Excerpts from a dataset
lemma bij_betw_restrict_db_pair:
  assumes sjf: "self_join_free q" and sub: "q' \<subseteq> q"
  shows "bij_betw (\<lambda>D. (restrict_db D q', restrict_db D (q - q'))) (matching_dbs n q)
           (matching_dbs n q' \<times> matching_dbs n (q - q'))"
proof (rule bij_betw_byWitness[where f' = "\<lambda>(D1, D2) R. if R \<in> cq_rels q' then D1 R else D2 R"])
  have "cq_rels q = cq_rels q' \<union> cq_rels (q - q')"
    using sub by (auto simp: cq_rels_def)
  then show "\<forall>D\<in>matching_dbs n q. (\<lambda>(D1, D2) R. if R \<in> cq_rels q' then D1 R else D2 R)
               (restrict_db D q', restrict_db D (q - q')) = D"
    by (auto simp: restrict_db_def fun_eq_iff dest: matching_dbs_outside)
next
  have "R \<notin> cq_rels q'" if R: "R \<in> cq_rels (q - q')" for R
  proof -
    obtain xs where "(R, xs) \<in> q - q'" using R by (auto simp: cq_rels_def)
    then show ?thesis using self_join_free_notin_cq_rels[OF sjf sub] by blast
  qed
  then show "\<forall>p\<in>matching_dbs n q' \<times> matching_dbs n (q - q').
      (\<lambda>D. (restrict_db D q', restrict_db D (q - q')))
        ((\<lambda>(D1, D2) R. if R \<in> cq_rels q' then D1 R else D2 R) p) = p"
    by (auto simp: restrict_db_def fun_eq_iff dest: matching_dbs_outside)
next
  show "(\<lambda>D. (restrict_db D q', restrict_db D (q - q'))) ` matching_dbs n q
          \<subseteq> matching_dbs n q' \<times> matching_dbs n (q - q')"
    using restrict_db_matching_dbs sub by blast
  show "(\<lambda>(D1, D2) R. if R \<in> cq_rels q' then D1 R else D2 R) `
          (matching_dbs n q' \<times> matching_dbs n (q - q')) \<subseteq> matching_dbs n q"
    by (auto intro!: matching_dbs_merge[OF sjf sub])
qed

section \<open>Extensions of a partial answer\<close>

definition extensions :: "('r, 'v) cq \<Rightarrow> ('r, 'v) cq \<Rightarrow> 'r db \<Rightarrow> ('v \<Rightarrow> nat) \<Rightarrow> ('v \<Rightarrow> nat) set" where
  "extensions q q' D \<alpha> = {\<gamma> \<in> cq_vars q \<rightarrow>\<^sub>E UNIV. restrict \<gamma> (cq_vars q') = \<alpha> \<and>
                                               (\<forall>(R, xs)\<in>q - q'. map \<gamma> xs \<in> D R)}"

lemma map_restrict: "set xs \<subseteq> V \<Longrightarrow> map (restrict \<gamma> V) xs = map \<gamma> xs"
  by (induction xs) auto

lemma semijoin_answers_eq_UN_extensions:
  assumes sub: "q' \<subseteq> q" and A: "A \<subseteq> answers q' (restrict_db D q')"
  shows "semijoin (answers q D) (cq_vars q') A = (\<Union>\<alpha>\<in>A. extensions q q' (restrict_db D (q - q')) \<alpha>)"
proof -
  have atoms_q': "map \<gamma> xs \<in> D R" if "(R, xs) \<in> q'" "restrict \<gamma> (cq_vars q') \<in> A" for R xs \<gamma>
  proof -
    have "R \<in> cq_rels q'" "set xs \<subseteq> cq_vars q'"
      using that(1) by (force simp: cq_rels_def cq_vars_def)+
    then show ?thesis
      using that A by (force simp: answers_def restrict_db_def map_restrict)
  qed
  have atoms_rest: "restrict_db D (q - q') R = D R" if "(R, xs) \<in> q - q'" for R xs
    using that by (force simp: restrict_db_def cq_rels_def)
  have "(\<forall>(R, xs)\<in>q. map \<gamma> xs \<in> D R) \<longleftrightarrow> (\<forall>(R, xs)\<in>q - q'. map \<gamma> xs \<in> restrict_db D (q - q') R)"
    if "restrict \<gamma> (cq_vars q') \<in> A" for \<gamma>
    using atoms_q'[OF _ that] atoms_rest sub by fastforce
  then show ?thesis by (auto simp: semijoin_def extensions_def answers_def)
qed

lemma finite_extensions:
  assumes "finite q" and D: "D \<in> matching_dbs n (q - q')"
  shows "finite (extensions q q' D \<alpha>)"
proof -
  let ?S = "\<lambda>x. if x \<in> cq_vars q' then {\<alpha> x} else {1..n}"
  have "\<gamma> x \<in> ?S x" if \<gamma>: "\<gamma> \<in> extensions q q' D \<alpha>" and x: "x \<in> cq_vars q" for \<gamma> x
  proof (cases "x \<in> cq_vars q'")
    case True then show ?thesis using \<gamma> by (auto simp: extensions_def)
  next
    case False
    obtain R xs where R: "(R, xs) \<in> q" "x \<in> set xs" using x unfolding in_cq_vars by blast
    then have "(R, xs) \<in> q - q'" using False by (force simp: cq_vars_def)
    then have "set (map \<gamma> xs) \<subseteq> {1..n}"
      using \<gamma> matching_dbs_tuple[OF D] by (fastforce simp: extensions_def)
    then show ?thesis using False R(2) by auto
  qed
  moreover have "\<gamma> x = undefined" if "\<gamma> \<in> extensions q q' D \<alpha>" "x \<notin> cq_vars q" for \<gamma> x
    using that by (auto simp: extensions_def extensional_def)
  ultimately have "extensions q q' D \<alpha> \<subseteq> PiE (cq_vars q) ?S"
    by (blast intro: PiE_I)
  then show ?thesis by (rule finite_subset) (intro finite_PiE finite_cq_vars \<open>finite q\<close>, simp)
qed

lemma card_semijoin_answers:
  assumes fin: "finite q" and sub: "q' \<subseteq> q" and D: "D \<in> matching_dbs n q"
    and A: "A \<subseteq> answers q' (restrict_db D q')"
  shows "card (semijoin (answers q D) (cq_vars q') A)
       = (\<Sum>\<alpha>\<in>A. card (extensions q q' (restrict_db D (q - q')) \<alpha>))"
  unfolding semijoin_answers_eq_UN_extensions[OF sub A]
proof (rule card_UN_disjoint)
  show "finite A"
    using A finite_answers restrict_db_matching_dbs[OF D sub] fin sub
    by (meson finite_subset)
  show "\<forall>\<alpha>\<in>A. finite (extensions q q' (restrict_db D (q - q')) \<alpha>)"
    using finite_extensions[OF fin restrict_db_matching_dbs[OF D]] by blast
  show "\<forall>\<alpha>\<in>A. \<forall>\<beta>\<in>A. \<alpha> \<noteq> \<beta> \<longrightarrow>
      extensions q q' (restrict_db D (q - q')) \<alpha> \<inter> extensions q q' (restrict_db D (q - q')) \<beta> = {}"
    by (auto simp: extensions_def)
qed
(* Let $G$ be a finite soluble group and $N$ a minimal normal subgroup of $G$. If $t\in G$ is an involution, then $\mathrm d(t,N)\le 1$ in $\Gamma(G)$. Moreover, if $x\in G\setminus\{1\}$ satisfies $\mathrm d(x,N)>3$ and $y\in\langle x\rangle$ has prime order, then both $C_G(y)$ and $x$ have odd order.
   Context: For a group $G$, the normalising graph $\Gamma(G)$ has vertex set $G\setminus\{1\}$, and two distinct vertices $x,y$ are adjacent if and only if $\langle x\rangle$ normalises $\langle y\rangle$ or $\langle y\rangle$ normalises $\langle x\rangle$. $\mathrm d$ is graph distance (infinite if there is no path), and $\mathrm d(x,N)=\min\{\mathrm d(x,n):n\in N\setminus\{1\}\}$, which is $0$ if $x\in N$. *)

theory Defs
  imports "HOL-Algebra.Algebra" "HOL-Library.Extended_Nat"
begin

definition cyc :: "('a, 'b) monoid_scheme \<Rightarrow> 'a \<Rightarrow> 'a set" where
  "cyc G x = generate G {x}"

definition ng_adj :: "('a, 'b) monoid_scheme \<Rightarrow> 'a \<Rightarrow> 'a \<Rightarrow> bool" where
  "ng_adj G x y \<longleftrightarrow>
     x \<in> carrier G - {\<one>\<^bsub>G\<^esub>} \<and> y \<in> carrier G - {\<one>\<^bsub>G\<^esub>} \<and> x \<noteq> y \<and>
     (cyc G x \<subseteq> normalizer G (cyc G y) \<or> cyc G y \<subseteq> normalizer G (cyc G x))"

definition ng_walk :: "('a, 'b) monoid_scheme \<Rightarrow> nat \<Rightarrow> 'a \<Rightarrow> 'a \<Rightarrow> bool" where
  "ng_walk G n x y \<longleftrightarrow>
     (\<exists>p :: nat \<Rightarrow> 'a. p 0 = x \<and> p n = y \<and> (\<forall>i\<le>n. p i \<in> carrier G - {\<one>\<^bsub>G\<^esub>}) \<and>
        (\<forall>i<n. ng_adj G (p i) (p (Suc i))))"

text \<open>Graph distance (infinite if there is no path).\<close>
definition ng_dist :: "('a, 'b) monoid_scheme \<Rightarrow> 'a \<Rightarrow> 'a \<Rightarrow> enat" where
  "ng_dist G x y = (INF n \<in> {n. ng_walk G n x y}. enat n)"

definition ng_dist_set :: "('a, 'b) monoid_scheme \<Rightarrow> 'a \<Rightarrow> 'a set \<Rightarrow> enat" where
  "ng_dist_set G x N = (INF n \<in> N - {\<one>\<^bsub>G\<^esub>}. ng_dist G x n)"

definition minimal_normal :: "'a set \<Rightarrow> ('a, 'b) monoid_scheme \<Rightarrow> bool" where
  "minimal_normal N G \<longleftrightarrow> N \<lhd> G \<and> N \<noteq> {\<one>\<^bsub>G\<^esub>} \<and>
     (\<forall>M. M \<lhd> G \<and> M \<subseteq> N \<longrightarrow> M = {\<one>\<^bsub>G\<^esub>} \<or> M = N)"

definition centralizer :: "('a, 'b) monoid_scheme \<Rightarrow> 'a \<Rightarrow> 'a set" where
  "centralizer G y = {g \<in> carrier G. g \<otimes>\<^bsub>G\<^esub> y = y \<otimes>\<^bsub>G\<^esub> g}"

end

theory Submission imports Defs begin

text \<open>An involution t centralises or inverts a non-trivial element of the minimal normal
  subgroup N: N is abelian because G is soluble, so for 1 \<noteq> n \<in> N the element n n^t is
  centralised by t, and t inverts n if it is trivial. Hence d(t, N) \<le> 1.
  A non-trivial power y of x commutes with x, so an involution t in C_G(y) yields a path
  x - y - t - N of length at most 3, and an involution in \<langle>x\<rangle> a shorter one.\<close>

lemma ng_walk_refl: "x \<in> carrier G - {\<one>\<^bsub>G\<^esub>} \<Longrightarrow> ng_walk G 0 x x"
  unfolding ng_walk_def by (rule exI[of _ "\<lambda>_. x"]) auto

lemma ng_walk_of_adj: "ng_adj G x y \<Longrightarrow> ng_walk G 1 x y"
  unfolding ng_walk_def
  by (rule exI[of _ "\<lambda>i. if i = 0 then x else y"]) (auto simp: ng_adj_def le_Suc_eq)

lemma ng_walk_append:
  assumes "ng_walk G a x y" "ng_walk G b y z"
  shows "ng_walk G (a + b) x z"
proof -
  obtain p where p: "p 0 = x" "p a = y" "\<forall>i\<le>a. p i \<in> carrier G - {\<one>\<^bsub>G\<^esub>}"
    "\<forall>i<a. ng_adj G (p i) (p (Suc i))" using assms(1) unfolding ng_walk_def by blast
  obtain q where q: "q 0 = y" "q b = z" "\<forall>i\<le>b. q i \<in> carrier G - {\<one>\<^bsub>G\<^esub>}"
    "\<forall>i<b. ng_adj G (q i) (q (Suc i))" using assms(2) unfolding ng_walk_def by blast
  define r where "r i = (if i \<le> a then p i else q (i - a))" for i
  have "r 0 = x" "r (a + b) = z" using p q by (auto simp: r_def)
  moreover have "\<forall>i\<le>a+b. r i \<in> carrier G - {\<one>\<^bsub>G\<^esub>}"
    using p(3) q(3) by (auto simp: r_def)
  moreover have "ng_adj G (r i) (r (Suc i))" if "i < a + b" for i
  proof (cases "i < a")
    case True
    then show ?thesis using p(4) by (auto simp: r_def)
  next
    case False
    then have "Suc i - a = Suc (i - a)" by simp
    then show ?thesis using False q(4) that p(2) q(1) by (auto simp: r_def)
  qed
  ultimately show ?thesis unfolding ng_walk_def by blast
qed

lemma ng_dist_set_le_walk:
  assumes "ng_walk G k x n" "n \<in> N" "n \<noteq> \<one>\<^bsub>G\<^esub>"
  shows "ng_dist_set G x N \<le> enat k"
proof -
  have "ng_dist G x n \<le> enat k"
    unfolding ng_dist_def using assms(1) by (intro INF_lower2[of k]) auto
  then show ?thesis
    unfolding ng_dist_set_def using assms(2,3) by (intro INF_lower2[of n]) auto
qed

lemma (in group) cyc_subgroup: "x \<in> carrier G \<Longrightarrow> subgroup (cyc G x) G"
  unfolding cyc_def by (simp add: generate_is_subgroup)

lemma (in group) cyc_inv:
  assumes y: "y \<in> carrier G"
  shows "cyc G (inv y) = cyc G y"
proof -
  have "cyc G (inv z) \<subseteq> cyc G z" if z: "z \<in> carrier G" for z
  proof -
    have "inv z \<in> cyc G z"
      unfolding cyc_def using z by (simp add: generate.incl generate_m_inv_closed)
    then show ?thesis
      using generate_subgroup_incl[OF _ cyc_subgroup[OF z]] unfolding cyc_def by blast
  qed
  from this[of y] this[of "inv y"] show ?thesis using y by auto
qed

lemma (in group) conj_hom:
  assumes x: "x \<in> carrier G"
  shows "group_hom G G (\<lambda>h. x \<otimes> h \<otimes> inv x)"
proof -
  have "x \<otimes> (a \<otimes> b) \<otimes> inv x = x \<otimes> a \<otimes> inv x \<otimes> (x \<otimes> b \<otimes> inv x)"
    if "a \<in> carrier G" "b \<in> carrier G" for a b
    using that x by (simp add: m_assoc inv_solve_left)
  then show ?thesis
    unfolding group_hom_def group_hom_axioms_def using x by (auto intro!: homI simp: is_group)
qed

lemma (in group) conj_coset_eq_image:
  "H \<subseteq> carrier G \<Longrightarrow> x <# H #> inv x = (\<lambda>h. x \<otimes> h \<otimes> inv x) ` H"
  unfolding l_coset_def r_coset_def by auto

lemma (in group) cyc_subset_normalizer:
  assumes x: "x \<in> carrier G" and y: "y \<in> carrier G"
    and xy: "x \<otimes> y \<otimes> inv x \<in> {y, inv y}"
  shows "cyc G x \<subseteq> normalizer G (cyc G y)"
proof -
  interpret conj: group_hom G G "\<lambda>h. x \<otimes> h \<otimes> inv x" using conj_hom[OF x] .
  have sub: "cyc G y \<subseteq> carrier G" using subgroup.subset[OF cyc_subgroup[OF y]] .
  have "x <# cyc G y #> inv x = (\<lambda>h. x \<otimes> h \<otimes> inv x) ` generate G {y}"
    using conj_coset_eq_image[OF sub] unfolding cyc_def .
  also have "\<dots> = cyc G (x \<otimes> y \<otimes> inv x)"
    using conj.generate_img[of "{y}"] y unfolding cyc_def by simp
  also have "\<dots> = cyc G y"
    using xy cyc_inv[OF y] by (elim insertE) simp_all
  finally have "x \<in> normalizer G (cyc G y)"
    unfolding normalizer_def stabilizer_def using x sub by simp
  then show ?thesis
    using generate_subgroup_incl[OF _ normalizer_imp_subgroup[OF sub], of "{x}"]
    unfolding cyc_def by simp
qed
lemma pres_eq_append:
  assumes "(u, u') \<in> pres_eq R" and "(v, v') \<in> pres_eq R"
  shows "(u @ v, u' @ v') \<in> pres_eq R"
  using pres_eq_append_context[OF assms(1), of "[]" v] pres_eq_append_context[OF assms(2), of u' "[]"]
  by (auto intro: pres_eq.trans)

lemma pres_eq_inv_word_append: "(inv_word w @ w, []) \<in> pres_eq R"
proof (induction w)
  case Nil
  then show ?case by (simp add: inv_word_def pres_eq.refl)
next
  case (Cons x w)
  have "inv_word (x # w) @ x # w = inv_word w @ [inv_letter x, inv_letter (inv_letter x)] @ w"
    by (simp add: inv_word_def inv_letter_def)
  then have "(inv_word (x # w) @ x # w, inv_word w @ w) \<in> pres_eq R"
    by (simp only: pres_eq.cancel)
  then show ?case using Cons.IH by (rule pres_eq.trans)
qed

abbreviation word_class :: "'g word set \<Rightarrow> 'g word \<Rightarrow> 'g word set" where
  "word_class R w \<equiv> pres_eq R `` {w}"

lemma word_class_eq_iff: "word_class R u = word_class R v \<longleftrightarrow> (u, v) \<in> pres_eq R"
  using eq_equiv_class_iff[OF pres_eq_equiv] by simp

lemma carrier_presented_group: "carrier (presented_group R) = range (word_class R)"
  unfolding presented_group_def quotient_def by auto

lemma one_presented_group: "\<one>\<^bsub>presented_group R\<^esub> = word_class R []"
  unfolding presented_group_def by simp

lemma mult_presented_group:
  "word_class R u \<otimes>\<^bsub>presented_group R\<^esub> word_class R v = word_class R (u @ v)"
proof -
  have "word_class R (x @ y) = word_class R (u @ v)"
    if "x \<in> word_class R u" "y \<in> word_class R v" for x y
    using that by (auto simp: word_class_eq_iff intro: pres_eq_append pres_eq.sym)
  moreover have "u \<in> word_class R u" "v \<in> word_class R v"
    by (simp_all add: pres_eq.refl)
  ultimately have "(\<Union>x\<in>word_class R u. \<Union>y\<in>word_class R v. word_class R (x @ y))
      = word_class R (u @ v)"
    by blast
  then show ?thesis unfolding presented_group_def by simp
qed

lemma group_presented_group: "group (presented_group R)"
proof (rule groupI)
  fix x
  assume "x \<in> carrier (presented_group R)"
  then obtain w where w: "x = word_class R w" by (auto simp: carrier_presented_group)
  have "word_class R (inv_word w) \<otimes>\<^bsub>presented_group R\<^esub> x = \<one>\<^bsub>presented_group R\<^esub>"
    unfolding w mult_presented_group one_presented_group word_class_eq_iff
    by (rule pres_eq_inv_word_append)
  then show "\<exists>y\<in>carrier (presented_group R). y \<otimes>\<^bsub>presented_group R\<^esub> x = \<one>\<^bsub>presented_group R\<^esub>"
    by (auto simp: carrier_presented_group)
qed (auto simp: carrier_presented_group mult_presented_group one_presented_group)

lemma inv_presented_group:
  "inv\<^bsub>presented_group R\<^esub> (word_class R w) = word_class R (inv_word w)"
proof (rule group.inv_equality[OF group_presented_group])
  show "word_class R (inv_word w) \<otimes>\<^bsub>presented_group R\<^esub> word_class R w = \<one>\<^bsub>presented_group R\<^esub>"
    unfolding mult_presented_group one_presented_group word_class_eq_iff
    by (rule pres_eq_inv_word_append)
qed (simp_all add: carrier_presented_group)

lemma word_class_relator: "r \<in> R \<Longrightarrow> word_class R r = \<one>\<^bsub>presented_group R\<^esub>"
  using pres_eq.rel[of r R "[]" "[]"] by (simp add: one_presented_group word_class_eq_iff)

definition eval_word :: "('b, 'c) monoid_scheme \<Rightarrow> ('g \<Rightarrow> 'b) \<Rightarrow> 'g word \<Rightarrow> 'b" where
  "eval_word H f w =
     foldr (\<lambda>l y. (if snd l then f (fst l) else inv\<^bsub>H\<^esub> (f (fst l))) \<otimes>\<^bsub>H\<^esub> y) w \<one>\<^bsub>H\<^esub>"

lemma eval_word_Nil [simp]: "eval_word H f [] = \<one>\<^bsub>H\<^esub>"
  by (simp add: eval_word_def)

lemma eval_word_Cons [simp]:
  "eval_word H f (l # w) = (if snd l then f (fst l) else inv\<^bsub>H\<^esub> (f (fst l))) \<otimes>\<^bsub>H\<^esub> eval_word H f w"
  by (simp add: eval_word_def)

context group
begin

lemma eval_word_closed [simp]: "(\<And>g. f g \<in> carrier G) \<Longrightarrow> eval_word G f w \<in> carrier G"
  by (induction w) auto

lemma eval_word_append:
  "(\<And>g. f g \<in> carrier G) \<Longrightarrow> eval_word G f (u @ v) = eval_word G f u \<otimes> eval_word G f v"
  by (induction u) (auto simp: m_assoc)

lemma eval_word_inv_word:
  assumes f: "\<And>g. f g \<in> carrier G"
  shows "eval_word G f (inv_word w) = inv (eval_word G f w)"
proof (induction w)
  case (Cons l w)
  have "inv_word (l # w) = inv_word w @ [inv_letter l]" by (simp add: inv_word_def)
  then show ?case
    using assms Cons.IH by (auto simp: eval_word_append inv_letter_def inv_mult_group)
qed (simp add: inv_word_def)

lemma eval_word_replicate:
  "(\<And>g. f g \<in> carrier G) \<Longrightarrow> eval_word G f (replicate n (g, True)) = f g [^] n"
  by (induction n) (auto, metis nat_pow_Suc nat_pow_Suc2)

lemma eval_word_pres_eq:
  assumes f: "\<And>g. f g \<in> carrier G" and R: "\<And>r. r \<in> R \<Longrightarrow> eval_word G f r = \<one>"
  shows "(u, v) \<in> pres_eq R \<Longrightarrow> eval_word G f u = eval_word G f v"
proof (induction rule: pres_eq.induct)
  case (cancel u x w)
  have "eval_word G f [x, inv_letter x] = \<one>"
    using f by (cases x) (auto simp: inv_letter_def)
  then show ?case using f by (simp only: eval_word_append f) (simp add: eval_word_closed[OF f])
next
  case (rel r u w)
  then show ?case using f R by (simp add: eval_word_append)
qed auto

lemma hom_from_presented_group:
  assumes f: "\<And>g. f g \<in> carrier G" and R: "\<And>r. r \<in> R \<Longrightarrow> eval_word G f r = \<one>"
  obtains h where "h \<in> hom (presented_group R) G" and "\<And>w. h (word_class R w) = eval_word G f w"
proof
  define h where "h U = eval_word G f (SOME w. w \<in> U)" for U
  show h_class: "h (word_class R w) = eval_word G f w" for w
  proof -
    have "(SOME x. x \<in> word_class R w) \<in> word_class R w"
      by (rule someI[of _ w]) (simp add: pres_eq.refl)
    then show ?thesis unfolding h_def by (simp add: eval_word_pres_eq[OF f R])
  qed
  show "h \<in> hom (presented_group R) G"
    by (rule homI) (auto simp: carrier_presented_group mult_presented_group h_class f eval_word_append)
qed

end

lemma word_class_eq_eval_word:
  "word_class R w = eval_word (presented_group R) (\<lambda>g. word_class R [(g, True)]) w"
proof (induction w)
  case (Cons l w)
  obtain g e where l: "l = (g, e)" by (cases l)
  have "inv\<^bsub>presented_group R\<^esub> (word_class R [(g, True)]) = word_class R [(g, False)]"
    by (simp add: inv_presented_group inv_word_def inv_letter_def)
  then show ?case
    using Cons.IH mult_presented_group[of R "[l]" w] l by (cases e) auto
qed (simp add: one_presented_group)

lemma subgroup_presented_group_generators:
  assumes "subgroup K (presented_group R)" and "\<And>g. word_class R [(g, True)] \<in> K"
  shows "K = carrier (presented_group R)"
proof
  show "K \<subseteq> carrier (presented_group R)" using subgroup.subset[OF assms(1)] .
  have "eval_word (presented_group R) (\<lambda>g. word_class R [(g, True)]) w \<in> K" for w
    by (induction w) (auto intro: assms subgroup.one_closed subgroup.m_closed subgroup.m_inv_closed)
  then show "carrier (presented_group R) \<subseteq> K"
    by (auto simp: carrier_presented_group word_class_eq_eval_word[symmetric])
qed

definition act_word :: "('g \<times> bool \<Rightarrow> 'x \<Rightarrow> 'x) \<Rightarrow> 'g word \<Rightarrow> 'x \<Rightarrow> 'x" where
  "act_word \<rho> w = foldr (\<lambda>l f. \<rho> l \<circ> f) w id"

lemma act_word_Nil [simp]: "act_word \<rho> [] = id"
  by (simp add: act_word_def)

lemma act_word_Cons [simp]: "act_word \<rho> (l # w) = \<rho> l \<circ> act_word \<rho> w"
  by (simp add: act_word_def)

lemma act_word_append: "act_word \<rho> (u @ v) = act_word \<rho> u \<circ> act_word \<rho> v"
  by (induction u) auto

lemma act_word_pres_eq:
  assumes inv: "\<And>x. \<rho> x \<circ> \<rho> (inv_letter x) = id"
    and R: "\<And>r. r \<in> R \<Longrightarrow> act_word \<rho> r = id"
  shows "(u, v) \<in> pres_eq R \<Longrightarrow> act_word \<rho> u = act_word \<rho> v"
proof (induction rule: pres_eq.induct)
  case (cancel u x w)
  have "\<rho> x (\<rho> (inv_letter x) y) = y" for y
    using inv[of x] by (simp add: fun_eq_iff)
  then show ?case by (simp add: act_word_append comp_def)
next
  case (rel r u w)
  then show ?case by (simp add: act_word_append R)
qed auto

definition commutator_word :: "'g word \<Rightarrow> 'g word \<Rightarrow> 'g word" where
  "commutator_word u v = u @ v @ inv_word u @ inv_word v"

context group
begin

lemma eval_word_commutator_word:
  assumes "\<And>g. f g \<in> carrier G"
  shows "eval_word G f (commutator_word u v) =
    eval_word G f u \<otimes> eval_word G f v \<otimes> inv (eval_word G f u) \<otimes> inv (eval_word G f v)"
  using assms by (simp add: commutator_word_def eval_word_append eval_word_inv_word m_assoc)

lemma eval_word_append_inv_word_eq_one:
  assumes "\<And>g. f g \<in> carrier G"
  shows "eval_word G f (u @ inv_word v) = \<one> \<longleftrightarrow> eval_word G f u = eval_word G f v"
  using assms inv_solve_right'[of \<one> "eval_word G f u" "eval_word G f v"]
  by (simp add: eval_word_append eval_word_inv_word)

lemma eval_word_inv_word_append_eq_one:
  assumes "\<And>g. f g \<in> carrier G"
  shows "eval_word G f (inv_word v @ u) = \<one> \<longleftrightarrow> eval_word G f u = eval_word G f v"
  using assms inv_solve_left'[of \<one> "eval_word G f v" "eval_word G f u"]
  by (simp add: eval_word_append eval_word_inv_word)

lemma inv_conj_nat_pow:
  assumes "x \<in> carrier G" and "s \<in> carrier G"
  shows "inv s \<otimes> x [^] (n::nat) \<otimes> s = (inv s \<otimes> x \<otimes> s) [^] n"
proof (induction n)
  case (Suc n)
  have "inv s \<otimes> x [^] Suc n \<otimes> s = (inv s \<otimes> x [^] n \<otimes> s) \<otimes> (inv s \<otimes> x \<otimes> s)"
    using assms by (simp add: m_assoc) (simp add: m_assoc[symmetric])
  then show ?case using Suc by simp
qed (use assms in simp)

lemma commute_inv:
  assumes "x \<in> carrier G" and "y \<in> carrier G" and "x \<otimes> y = y \<otimes> x"
  shows "x \<otimes> inv y = inv y \<otimes> x"
proof -
  have "x \<otimes> inv y = inv y \<otimes> (y \<otimes> x) \<otimes> inv y"
    using assms(1,2) by (simp add: m_assoc[symmetric])
  also have "\<dots> = inv y \<otimes> (x \<otimes> y) \<otimes> inv y"
    using assms(3) by simp
  also have "\<dots> = inv y \<otimes> x"
    using assms(1,2) by (simp add: m_assoc)
  finally show ?thesis .
qed

lemma commutator_eq_one:
  assumes "x \<in> carrier G" and "y \<in> carrier G" and "x \<otimes> y = y \<otimes> x"
  shows "x \<otimes> y \<otimes> inv x \<otimes> inv y = \<one>"
  using assms by (simp add: m_assoc inv_mult_group[symmetric])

Task goal »
Write out only the lines from the very start of the entries above to the line that includes "(\<forall>(R, xs)\<in>q - q'. map \<gamma> xs \<in> D", both ends included, each one unchanged.

Your solution »
lemma bij_betw_restrict_db_pair:
  assumes sjf: "self_join_free q" and sub: "q' \<subseteq> q"
  shows "bij_betw (\<lambda>D. (restrict_db D q', restrict_db D (q - q'))) (matching_dbs n q)
           (matching_dbs n q' \<times> matching_dbs n (q - q'))"
proof (rule bij_betw_byWitness[where f' = "\<lambda>(D1, D2) R. if R \<in> cq_rels q' then D1 R else D2 R"])
  have "cq_rels q = cq_rels q' \<union> cq_rels (q - q')"
    using sub by (auto simp: cq_rels_def)
  then show "\<forall>D\<in>matching_dbs n q. (\<lambda>(D1, D2) R. if R \<in> cq_rels q' then D1 R else D2 R)
               (restrict_db D q', restrict_db D (q - q')) = D"
    by (auto simp: restrict_db_def fun_eq_iff dest: matching_dbs_outside)
next
  have "R \<notin> cq_rels q'" if R: "R \<in> cq_rels (q - q')" for R
  proof -
    obtain xs where "(R, xs) \<in> q - q'" using R by (auto simp: cq_rels_def)
    then show ?thesis using self_join_free_notin_cq_rels[OF sjf sub] by blast
  qed
  then show "\<forall>p\<in>matching_dbs n q' \<times> matching_dbs n (q - q').
      (\<lambda>D. (restrict_db D q', restrict_db D (q - q')))
        ((\<lambda>(D1, D2) R. if R \<in> cq_rels q' then D1 R else D2 R) p) = p"
    by (auto simp: restrict_db_def fun_eq_iff dest: matching_dbs_outside)
next
  show "(\<lambda>D. (restrict_db D q', restrict_db D (q - q'))) ` matching_dbs n q
          \<subseteq> matching_dbs n q' \<times> matching_dbs n (q - q')"
    using restrict_db_matching_dbs sub by blast
  show "(\<lambda>(D1, D2) R. if R \<in> cq_rels q' then D1 R else D2 R) `
          (matching_dbs n q' \<times> matching_dbs n (q - q')) \<subseteq> matching_dbs n q"
    by (auto intro!: matching_dbs_merge[OF sjf sub])
qed

section \<open>Extensions of a partial answer\<close>

definition extensions :: "('r, 'v) cq \<Rightarrow> ('r, 'v) cq \<Rightarrow> 'r db \<Rightarrow> ('v \<Rightarrow> nat) \<Rightarrow> ('v \<Rightarrow> nat) set" where
  "extensions q q' D \<alpha> = {\<gamma> \<in> cq_vars q \<rightarrow>\<^sub>E UNIV. restrict \<gamma> (cq_vars q') = \<alpha> \<and>
                                               (\<forall>(R, xs)\<in>q - q'. map \<gamma> xs \<in> D R)}"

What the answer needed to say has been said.